• EXERCISE INSTRUCTIONS
Bring together copies of the lines in the data below that contain the word "cmod".

Stored data
▼
lemma index_max_abs:
  fixes f :: "nat \<Rightarrow> real"
  assumes "\<exists>i<n. f i \<noteq> 0"
  obtains i where "i < n" "\<bar>f i\<bar> > 0" "\<And>j. j < n \<Longrightarrow> \<bar>f j\<bar> \<le> \<bar>f i\<bar>"
proof -
  obtain i where i: "i < n" "\<bar>f i\<bar> = Max ((\<lambda>j. \<bar>f j\<bar>) ` {..<n})"
    using assms Max_in[of "(\<lambda>j. \<bar>f j\<bar>) ` {..<n}"] by fastforce
  then have le: "\<bar>f j\<bar> \<le> \<bar>f i\<bar>" if "j < n" for j
    using that by simp
  obtain j where "j < n" "f j \<noteq> 0"
    using assms by blast
  then have "\<bar>f i\<bar> > 0"
    using le[of j] by linarith
  with i(1) le show ?thesis
    using that by blast
qed

lemma small_pos_rational_bounds:
  assumes "small_pos_rational n K x" and "x * real d < 1"
  shows "x > 0" "1 / x \<le> real n ^ K" "x * real d \<le> 1 - 1 / real n ^ K"
proof -
  obtain p q :: nat where pq: "0 < p" "0 < q" "p \<le> n ^ K" "q \<le> n ^ K" and x: "x = real p / real q"
    using assms(1) unfolding small_pos_rational_def by blast
  have q: "real q \<le> real n ^ K"
    using pq(4) by (metis of_nat_le_iff of_nat_power)
  show "x > 0"
    using pq x by simp
  have "1 / x = real q / real p"
    using x by simp
  also have "\<dots> \<le> real q"
    using pq by (simp add: divide_le_eq)
  finally show "1 / x \<le> real n ^ K"
    using q by linarith
  have "real (p * d) < real q"
    using assms(2) pq x by (simp add: divide_less_eq)
  then have "p * d + 1 \<le> q"
    by (simp only: of_nat_less_iff)
  then have "real p * real d \<le> real q - 1"
    by (metis add_le_imp_le_diff of_nat_add of_nat_le_iff of_nat_mult of_nat_1)
  then have "x * real d \<le> (real q - 1) / real q"
    unfolding x using pq by (simp add: divide_le_eq divide_right_mono)
  also have "\<dots> = 1 - 1 / real q"
    using pq by (simp add: field_simps)
  also have "\<dots> \<le> 1 - 1 / real n ^ K"
    using pq q by (simp add: frac_le)
  finally show "x * real d \<le> 1 - 1 / real n ^ K" .
qed

lemma sum_delta_mult:
  assumes "finite A" "i \<in> A"
  shows "(\<Sum>k\<in>A. (if i = k then a else 0) * g k) = a * (g i :: 'a :: comm_semiring_1)"
proof -
  have "(\<Sum>k\<in>A. (if i = k then a else 0) * g k) = (\<Sum>k\<in>A. if k = i then a * g i else 0)"
    by (rule sum.cong) auto
  with assms show ?thesis
    by simp
qed

lemma map_mat_id [simp]: "map_mat id A = A"
  by (intro eq_matI) auto

locale sym_graph =
  fixes n :: nat and E :: "nat \<Rightarrow> nat \<Rightarrow> bool"
  assumes sym: "E i j \<Longrightarrow> E j i"
begin

definition lap :: "(nat \<Rightarrow> 'a :: comm_ring_1) \<Rightarrow> nat \<Rightarrow> 'a" where
  "lap f i = (\<Sum>j<n. if E i j then f i - f j else 0)"

lemma sum_edges_swap:
  "(\<Sum>i<n. \<Sum>j<n. if E i j then F j i else 0) = (\<Sum>i<n. \<Sum>j<n. if E i j then F i j else 0)"
proof -
  have "(\<Sum>i<n. \<Sum>j<n. if E i j then F j i else 0) = (\<Sum>j<n. \<Sum>i<n. if E i j then F j i else 0)"
    by (rule sum.swap)
  also have "\<dots> = (\<Sum>j<n. \<Sum>i<n. if E j i then F j i else 0)"
    by (intro sum.cong refl) (metis sym)
  finally show ?thesis .
qed

lemma sum_lap_eq_0: "(\<Sum>i<n. lap f i) = 0"
proof -
  have "(\<Sum>i<n. lap f i) =
      (\<Sum>i<n. \<Sum>j<n. if E i j then f i else 0) - (\<Sum>i<n. \<Sum>j<n. if E i j then f j else 0)"
    unfolding lap_def by (simp add: sum_subtractf[symmetric] if_distrib if_distribR)
      (intro sum.cong refl, auto)
  then show ?thesis
    using sum_edges_swap[of "\<lambda>i j. f j"] by simp
qed

lemma dirichlet_form:
  fixes f :: "nat \<Rightarrow> real"
  shows "(\<Sum>i<n. f i * lap f i) = (\<Sum>i<n. \<Sum>j<n. if E i j then (f i - f j)\<^sup>2 else 0) / 2"
proof -
  have "(\<Sum>i<n. f i * lap f i) = (\<Sum>i<n. \<Sum>j<n. if E i j then f i * (f i - f j) else 0)"
    unfolding lap_def sum_distrib_left by (intro sum.cong refl) simp
  moreover have "\<dots> = (\<Sum>i<n. \<Sum>j<n. if E i j then f j * (f j - f i) else 0)"
    using sum_edges_swap[of "\<lambda>i j. f i * (f i - f j)"] by simp
  ultimately have "2 * (\<Sum>i<n. f i * lap f i) =
      (\<Sum>i<n. \<Sum>j<n. (if E i j then f i * (f i - f j) else 0) + (if E i j then f j * (f j - f i) else 0))"
    by (simp add: sum.distrib)
  also have "\<dots> = (\<Sum>i<n. \<Sum>j<n. if E i j then (f i - f j)\<^sup>2 else 0)"
    by (intro sum.cong refl) (simp add: power2_eq_square algebra_simps)
  finally show ?thesis
    by simp
qed

lemma dirichlet_form_complex:
  fixes f :: "nat \<Rightarrow> complex"
  shows "(\<Sum>i<n. cnj (f i) * lap f i) =
    of_real ((\<Sum>i<n. \<Sum>j<n. if E i j then (cmod (f i - f j))\<^sup>2 else 0) / 2)"
proof -
  have "(\<Sum>i<n. cnj (f i) * lap f i) = (\<Sum>i<n. \<Sum>j<n. if E i j then cnj (f i) * (f i - f j) else 0)"
    unfolding lap_def sum_distrib_left by (intro sum.cong refl) simp
  moreover have "\<dots> = (\<Sum>i<n. \<Sum>j<n. if E i j then cnj (f j) * (f j - f i) else 0)"
    using sum_edges_swap[of "\<lambda>i j. cnj (f i) * (f i - f j)"] by simp
  ultimately have "2 * (\<Sum>i<n. cnj (f i) * lap f i) =
      (\<Sum>i<n. \<Sum>j<n. (if E i j then cnj (f i) * (f i - f j) else 0) +
                      (if E i j then cnj (f j) * (f j - f i) else 0))"
    by (simp add: sum.distrib)
  also have "\<dots> = (\<Sum>i<n. \<Sum>j<n. if E i j then of_real ((cmod (f i - f j))\<^sup>2) else 0)"
  proof (intro sum.cong refl)
    fix i j
    have "cnj (f i) * (f i - f j) + cnj (f j) * (f j - f i) = (f i - f j) * cnj (f i - f j)"
      by (simp add: algebra_simps)
    also have "\<dots> = of_real ((cmod (f i - f j))\<^sup>2)"
      by (subst complex_norm_square) simp
    finally show "(if E i j then cnj (f i) * (f i - f j) else 0) + (if E i j then cnj (f j) * (f j - f i) else 0)
        = (if E i j then of_real ((cmod (f i - f j))\<^sup>2) else 0)"
      by simp
  qed
  also have "\<dots> = of_real (\<Sum>i<n. \<Sum>j<n. if E i j then (cmod (f i - f j))\<^sup>2 else 0)"
    unfolding of_real_sum by (intro sum.cong refl) simp
  finally show ?thesis
    by (simp add: mult.commute)
qed

lemma of_nat_vdegree: "(of_nat (vdegree n E i) :: 'a :: comm_semiring_1) = (\<Sum>j<n. if E i j then 1 else 0)"
proof -
  have "{j. j < n \<and> E i j} = {j \<in> {..<n}. E i j}"
    by auto
  then have "(of_nat (vdegree n E i) :: 'a) = (\<Sum>j\<in>{j \<in> {..<n}. E i j}. 1)"
    unfolding vdegree_def by simp
  also have "\<dots> = (\<Sum>j<n. if E i j then 1 else 0)"
    by (rule sum.inter_filter) simp
  finally show ?thesis .
qed

lemma lap_conv_vdegree: "lap f i = of_nat (vdegree n E i) * f i - (\<Sum>j<n. if E i j then f j else 0)"
  unfolding of_nat_vdegree lap_def sum_distrib_right sum_subtractf[symmetric]
  by (intro sum.cong refl) simp

lemma edge_diff_le_dirichlet_form:
  fixes f :: "nat \<Rightarrow> real"
  assumes "a < n" "b < n" "E a b"
  shows "\<bar>f a - f b\<bar> \<le> sqrt (2 * (\<Sum>i<n. f i * lap f i))"
proof (rule real_le_rsqrt)
  have "(f a - f b)\<^sup>2 \<le> (\<Sum>j<n. if E a j then (f a - f j)\<^sup>2 else 0)"
    using member_le_sum[of b "{..<n}" "\<lambda>j. if E a j then (f a - f j)\<^sup>2 else 0"] assms by auto
  also have "\<dots> \<le> (\<Sum>i<n. \<Sum>j<n. if E i j then (f i - f j)\<^sup>2 else 0)"
    using assms by (intro member_le_sum[where f = "\<lambda>i. \<Sum>j<n. if E i j then (f i - f j)\<^sup>2 else 0"])
      (auto intro!: sum_nonneg)
  finally show "\<bar>f a - f b\<bar>\<^sup>2 \<le> 2 * (\<Sum>i<n. f i * lap f i)"
    unfolding dirichlet_form by simp
qed

lemma dirichlet_form_nonneg: "0 \<le> (\<Sum>i<n. f i * lap f i :: real)"
  unfolding dirichlet_form by (auto intro!: sum_nonneg)

definition walk_mat :: "(nat \<Rightarrow> real) \<Rightarrow> real mat" where
  "walk_mat c = 1\<^sub>m n - diag_mat n c * laplacian n E"

lemma walk_mat_carrier: "walk_mat c \<in> carrier_mat n n"
  unfolding walk_mat_def diag_mat_def laplacian_def by auto

lemma walk_mat_index:
  assumes "i < n" "j < n"
  shows "walk_mat c $$ (i, j) = (if i = j then 1 else 0) -
    c i * ((if i = j then real (vdegree n E i) else 0) - (if E i j then 1 else 0))"
  using assms unfolding walk_mat_def diag_mat_def laplacian_def
  by (simp add: scalar_prod_def sum_delta_mult)

lemma walk_mat_mult_vec:
  assumes v: "v \<in> carrier_vec n" and i: "i < n"
  shows "(map_mat (of_real :: real \<Rightarrow> 'a :: real_field) (walk_mat c) *\<^sub>v v) $ i =
    v $ i - of_real (c i) * lap (\<lambda>j. v $ j) i"
proof -
  have "(map_mat of_real (walk_mat c) *\<^sub>v v) $ i = (\<Sum>j<n. of_real (walk_mat c $$ (i, j)) * (v $ j :: 'a))"
    using v i walk_mat_carrier[of c] by (auto simp: scalar_prod_def intro!: sum.cong)
  also have "\<dots> = (\<Sum>j<n. (if i = j then v $ j else 0) - of_real (c i) *
      ((if i = j then of_nat (vdegree n E i) * v $ j else 0) - (if E i j then v $ j else 0)))"
    by (intro sum.cong refl) (auto simp: walk_mat_index i algebra_simps)
  also have "\<dots> = v $ i - of_real (c i) * lap (\<lambda>j. v $ j) i"
    using i unfolding lap_conv_vdegree sum_subtractf sum_distrib_left[symmetric] by (simp add: sum.delta')
  finally show ?thesis .
qed

lemma eigenvector_walk_mat:
  assumes "eigenvector (map_mat (of_real :: real \<Rightarrow> 'a :: real_field) (walk_mat c)) v r"
  shows "\<exists>i<n. v $ i \<noteq> 0"
    and "\<And>i. i < n \<Longrightarrow> of_real (c i) * lap (\<lambda>j. v $ j) i = (1 - r) * v $ i"
proof -
  have v: "v \<in> carrier_vec n" and v0: "v \<noteq> 0\<^sub>v n"
    and ev: "map_mat of_real (walk_mat c) *\<^sub>v v = r \<cdot>\<^sub>v v"
    using assms walk_mat_carrier[of c] unfolding eigenvector_def by auto
  show "\<exists>i<n. v $ i \<noteq> 0"
  proof (rule ccontr)
    assume "\<not> ?thesis"
    then have "v = 0\<^sub>v n"
      using v by (intro eq_vecI) auto
    with v0 show False ..
  qed
  fix i assume i: "i < n"
  have "(map_mat of_real (walk_mat c) *\<^sub>v v) $ i = r * v $ i"
    using ev v i by simp
  then show "of_real (c i) * lap (\<lambda>j. v $ j) i = (1 - r) * v $ i"
    unfolding walk_mat_mult_vec[OF v i] by (simp add: algebra_simps)
qed

lemma eigenvector_walk_mat_real:
  assumes "eigenvector (walk_mat c) v r"
  shows "\<exists>i<n. v $ i \<noteq> 0" and "\<And>i. i < n \<Longrightarrow> c i * lap (\<lambda>j. v $ j) i = (1 - r) * v $ i"
  using eigenvector_walk_mat[of c v r] assms by simp_all

definition ones :: "real vec" where "ones = vec n (\<lambda>_. 1)"

lemma lap_ones: "lap (\<lambda>j. ones $ j) i = 0" if "i < n"
  using that unfolding lap_def ones_def by (intro sum.neutral) auto

lemma char_matrix_walk_mat_mult_vec:
  assumes v: "v \<in> carrier_vec n" and i: "i < n"
  shows "(char_matrix (walk_mat c) 1 *\<^sub>v v) $ i = - (c i * lap (\<lambda>j. v $ j) i)"
proof -
  have "char_matrix (walk_mat c) 1 *\<^sub>v v = walk_mat c *\<^sub>v v + ((-1) \<cdot>\<^sub>m 1\<^sub>m n) *\<^sub>v v"
    unfolding char_matrix_def using walk_mat_carrier[of c] v by (simp add: add_mult_distrib_mat_vec)
  then show ?thesis
    using walk_mat_mult_vec[OF v i, of c] v i walk_mat_carrier[of c] by simp
qed

end

locale connected_graph = sym_graph +
  assumes connected: "graph_connected n E" and n_pos: "n > 0"
begin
▲
• RESPONSE
    of_real ((\<Sum>i<n. \<Sum>j<n. if E i j then (cmod (f i - f j))\<^sup>2 else 0) / 2)"
  also have "\<dots> = (\<Sum>i<n. \<Sum>j<n. if E i j then of_real ((cmod (f i - f j))\<^sup>2) else 0)"
    also have "\<dots> = of_real ((cmod (f i - f j))\<^sup>2)"
        = (if E i j then of_real ((cmod (f i - f j))\<^sup>2) else 0)"
  also have "\<dots> = of_real (\<Sum>i<n. \<Sum>j<n. if E i j then (cmod (f i - f j))\<^sup>2 else 0)"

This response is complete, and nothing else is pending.